Directions for this task: Your task is to filter the data below down to the lines holding "auto".

=== Dataset content ===

(* Let $k\ge 2$, $n\ge1$ be integers, let $\bar{\mathcal{P}}\in\mathbb{R}^{[k,n]}$ be a columnwise-substochastic tensor, $\mathbf{v}\in\mathbb{R}^n$ a stochastic vector and $\alpha\in[0,1)$. Let $\Delta:=\{\mathbf{y}\in\mathbb{R}^n_+:\mathbf{e}^T\mathbf{y}\le(1-\alpha)^{-\frac{1}{k-1}}\}$ and let $\mathbf{y}_*\in\Delta$. Then $\mathbf{y}_*$ solves the MLPPR system $(\mathbf{e}^T\mathbf{y})^{k-2}\mathbf{y}-\alpha\bar{\mathcal{P}}\mathbf{y}^{k-1}=\mathbf{v}$ if and only if $\mathbf{y}_*$ is a fixed point of the continuous map $$\Phi(\mathbf{y}):=\left(1+\alpha\mathbf{e}^T(\bar{\mathcal{P}}\mathbf{y}^{k-1})\right)^{-\frac{k-2}{k-1}}\left(\mathbf{v}+\alpha\bar{\mathcal{P}}\mathbf{y}^{k-1}\right).$$
   Context: For $\mathcal{P}\in\mathbb{R}^{[k,n]}$ (real tensors of order $k$, dimension $n$) and $\mathbf{y}\in\mathbb{R}^n$, $(\mathcal{P}\mathbf{y}^{k-1})_i=\sum_{i_2,\dots,i_k}p_{i i_2\dots i_k}y_{i_2}\cdots y_{i_k}$. $\bar{\mathcal{P}}$ is columnwise-substochastic if its entries are nonnegative and $\sum_{i}\bar p_{i i_2\dots i_k}\le1$ for all $i_2,\dots,i_k$. $\mathbf{e}$ is the all-ones vector; a stochastic vector is nonnegative with entries summing to $1$. The MLPPR system $(I\circ\mathbf{e}^{\circ(k-2)}-\alpha\bar{\mathcal{P}})\mathbf{y}^{k-1}=\mathbf{v}$ is exactly $(\mathbf{e}^T\mathbf{y})^{k-2}\mathbf{y}-\alpha\bar{\mathcal{P}}\mathbf{y}^{k-1}=\mathbf{v}$. *)

theory Defs
  imports Complex_Main
begin

text \<open>Indices are 0,...,n-1. Vectors in R^n are functions nat => real (only the values
  at indices < n matter). A tensor of order k and dimension n is a function on index lists
  [i1, i2, ..., ik] with all entries < n.\<close>

definition multi_idx :: "nat \<Rightarrow> nat \<Rightarrow> nat list set" where
  "multi_idx m n = {js. length js = m \<and> set js \<subseteq> {..<n}}"

text \<open>(P y^(k-1))_i = sum over i2..ik of p_{i i2 .. ik} y_{i2} ... y_{ik}\<close>
definition tensor_apply :: "nat \<Rightarrow> nat \<Rightarrow> (nat list \<Rightarrow> real) \<Rightarrow> (nat \<Rightarrow> real) \<Rightarrow> nat \<Rightarrow> real" where
  "tensor_apply k n P y i = (\<Sum>js\<in>multi_idx (k - 1) n. P (i # js) * prod_list (map y js))"

definition col_substochastic :: "nat \<Rightarrow> nat \<Rightarrow> (nat list \<Rightarrow> real) \<Rightarrow> bool" where
  "col_substochastic k n P \<longleftrightarrow>
     (\<forall>is\<in>multi_idx k n. 0 \<le> P is) \<and>
     (\<forall>js\<in>multi_idx (k - 1) n. (\<Sum>i<n. P (i # js)) \<le> 1)"

definition stochastic_vec :: "nat \<Rightarrow> (nat \<Rightarrow> real) \<Rightarrow> bool" where
  "stochastic_vec n v \<longleftrightarrow> (\<forall>i<n. 0 \<le> v i) \<and> (\<Sum>i<n. v i) = 1"

definition Delta_set :: "nat \<Rightarrow> nat \<Rightarrow> real \<Rightarrow> (nat \<Rightarrow> real) set" where
  "Delta_set k n \<alpha> = {y. (\<forall>i<n. 0 \<le> y i) \<and> (\<Sum>i<n. y i) \<le> (1 - \<alpha>) powr (- 1 / (real k - 1))}"

definition solves_MLPPR :: "nat \<Rightarrow> nat \<Rightarrow> (nat list \<Rightarrow> real) \<Rightarrow> real \<Rightarrow> (nat \<Rightarrow> real) \<Rightarrow> (nat \<Rightarrow> real) \<Rightarrow> bool" where
  "solves_MLPPR k n P \<alpha> v y \<longleftrightarrow>
     (\<forall>i<n. (\<Sum>j<n. y j) ^ (k - 2) * y i - \<alpha> * tensor_apply k n P y i = v i)"

definition Phi :: "nat \<Rightarrow> nat \<Rightarrow> (nat list \<Rightarrow> real) \<Rightarrow> real \<Rightarrow> (nat \<Rightarrow> real) \<Rightarrow> (nat \<Rightarrow> real) \<Rightarrow> nat \<Rightarrow> real" where
  "Phi k n P \<alpha> v y i =
     (1 + \<alpha> * (\<Sum>j<n. tensor_apply k n P y j)) powr (- (real k - 2) / (real k - 1))
       * (v i + \<alpha> * tensor_apply k n P y i)"

end

theory Submission
  imports Defs
begin

text \<open>Write w = v + \<alpha> P y^(k-1). Since v is stochastic and P, y are nonnegative, the
  entries of w sum to A = 1 + \<alpha> e^T(P y^(k-1)) > 0, and both conditions say that y is a
  positive multiple of w. Summing the MLPPR system gives (e^T y)^(k-1) = A, i.e. the scale
  is fixed to e^T y = A^(1/(k-1)); the fixed point equation y = A^(-(k-2)/(k-1)) w encodes
  exactly the same scale.\<close>

lemma powr_scaled_root:
  fixes A :: real and m :: nat
  assumes "0 < A"
  shows "A powr (- real m / (real m + 1)) * A = root (Suc m) A"
proof -
  have "A powr (- real m / (real m + 1)) * A = A powr (- real m / (real m + 1) + 1)"
    using assms by (simp only: powr_add powr_one)
  also have "- real m / (real m + 1) + 1 = 1 / real (Suc m)"
    by (simp add: field_simps)
  finally show ?thesis using assms by (simp add: root_powr_inverse)
qed

lemma homogeneous_eq_iff_normalized_eq:
  fixes y w :: "'a \<Rightarrow> real" and I :: "'a set" and m :: nat
  assumes y_nonneg: "\<forall>i\<in>I. 0 \<le> y i" and w_pos: "0 < sum w I"
  shows "(\<forall>i\<in>I. sum y I ^ m * y i = w i) \<longleftrightarrow>
         (\<forall>i\<in>I. y i = sum w I powr (- real m / (real m + 1)) * w i)"
proof -
  define A s c where "A = sum w I" and "s = sum y I"
    and "c = A powr (- real m / (real m + 1))"
  define r where "r = root (Suc m) A"
  have A_pos: "0 < A" using w_pos by (simp add: A_def)
  have cA: "c * A = r" unfolding c_def r_def using powr_scaled_root[OF A_pos] .
  have r_pow: "r ^ Suc m = A" unfolding r_def using A_pos by (intro real_root_pow_pos2) auto
  have rc: "r ^ m * c = 1"
  proof -
    have "(r ^ m * c) * A = r ^ Suc m" using cA by (simp add: mult.assoc)
    also have "\<dots> = A" by (fact r_pow)
    finally have "(r ^ m * c) * A = A" .
    then show ?thesis using A_pos by simp
  qed
  show ?thesis unfolding A_def[symmetric] s_def[symmetric] c_def[symmetric]
  proof
    assume eq: "\<forall>i\<in>I. s ^ m * y i = w i"
    have "s ^ Suc m = s ^ m * sum y I" unfolding s_def by (rule power_Suc2)
    also have "\<dots> = (\<Sum>i\<in>I. s ^ m * y i)" by (rule sum_distrib_left)
    also have "\<dots> = A" using eq by (simp add: A_def)
    finally have "s ^ Suc m = A" .
    moreover have "0 \<le> s" unfolding s_def using y_nonneg by (simp add: sum_nonneg)
    ultimately have "s = r" unfolding r_def by (simp add: real_root_pos_unique)
    show "\<forall>i\<in>I. y i = c * w i"
    proof
      fix i assume "i \<in> I"
      have "y i = (r ^ m * c) * y i" using rc by simp
      also have "\<dots> = c * (s ^ m * y i)" using \<open>s = r\<close> by simp
      finally show "y i = c * w i" using eq \<open>i \<in> I\<close> by simp
    qed
  next
    assume eq: "\<forall>i\<in>I. y i = c * w i"
    have "s = r" using eq cA by (simp add: A_def s_def sum_distrib_left)
    show "\<forall>i\<in>I. s ^ m * y i = w i"
    proof
      fix i assume "i \<in> I"
      have "s ^ m * y i = (r ^ m * c) * w i" using eq \<open>i \<in> I\<close> \<open>s = r\<close> by simp
      then show "s ^ m * y i = w i" using rc by simp
    qed
  qed
qed

lemma tensor_apply_nonneg:
  assumes "0 < k" "col_substochastic k n P" "\<forall>i<n. 0 \<le> y i" "i < n"
  shows "0 \<le> tensor_apply k n P y i"
  unfolding tensor_apply_def
proof (rule sum_nonneg)
  fix js assume js: "js \<in> multi_idx (k - 1) n"
  then have "i # js \<in> multi_idx k n" using assms by (auto simp: multi_idx_def)
  then have "0 \<le> P (i # js)" using assms(2) by (auto simp: col_substochastic_def)
  moreover have "0 \<le> prod_list (map y js)"
    using js assms(3) by (force simp: multi_idx_def intro!: prod_list_nonneg)
  ultimately show "0 \<le> P (i # js) * prod_list (map y js)" by simp
qed

theorem lemma3p5:
  fixes k n :: nat and P :: "nat list \<Rightarrow> real" and v y :: "nat \<Rightarrow> real" and \<alpha> :: real
  assumes "k \<ge> 2" and "n \<ge> 1"
    and "col_substochastic k n P"
    and "stochastic_vec n v"
    and "0 \<le> \<alpha>" and "\<alpha> < 1"
    and "y \<in> Delta_set k n \<alpha>"
  shows "solves_MLPPR k n P \<alpha> v y \<longleftrightarrow> (\<forall>i<n. Phi k n P \<alpha> v y i = y i)"
proof -
  define w where "w i = v i + \<alpha> * tensor_apply k n P y i" for i
  have y_nonneg: "\<forall>i\<in>{..<n}. 0 \<le> y i" using assms(7) by (simp add: Delta_set_def)
  have sum_w: "sum w {..<n} = 1 + \<alpha> * (\<Sum>j<n. tensor_apply k n P y j)"
    using assms(4) by (simp add: w_def stochastic_vec_def sum.distrib sum_distrib_left)
  have "0 \<le> (\<Sum>j<n. tensor_apply k n P y j)"
    using tensor_apply_nonneg[OF _ assms(3)] assms(1) y_nonneg by (intro sum_nonneg) auto
  then have "0 < sum w {..<n}" using sum_w assms(5) by (simp add: add_pos_nonneg)
  from homogeneous_eq_iff_normalized_eq[OF y_nonneg this, where m = "k - 2"]
  have "(\<forall>i<n. (\<Sum>j<n. y j) ^ (k - 2) * y i = w i) \<longleftrightarrow>
        (\<forall>i<n. y i = (1 + \<alpha> * (\<Sum>j<n. tensor_apply k n P y j))
                          powr (- (real k - 2) / (real k - 1)) * w i)"
    using assms(1) sum_w by (simp add: of_nat_diff Ball_def)
  then show ?thesis
    by (simp add: solves_MLPPR_def Phi_def w_def algebra_simps eq_commute[of "y _"])
qed

end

===

Response area:
  have r_pow: "r ^ Suc m = A" unfolding r_def using A_pos by (intro real_root_pow_pos2) auto
  then have "i # js \<in> multi_idx k n" using assms by (auto simp: multi_idx_def)
  then have "0 \<le> P (i # js)" using assms(2) by (auto simp: col_substochastic_def)
    using tensor_apply_nonneg[OF _ assms(3)] assms(1) y_nonneg by (intro sum_nonneg) auto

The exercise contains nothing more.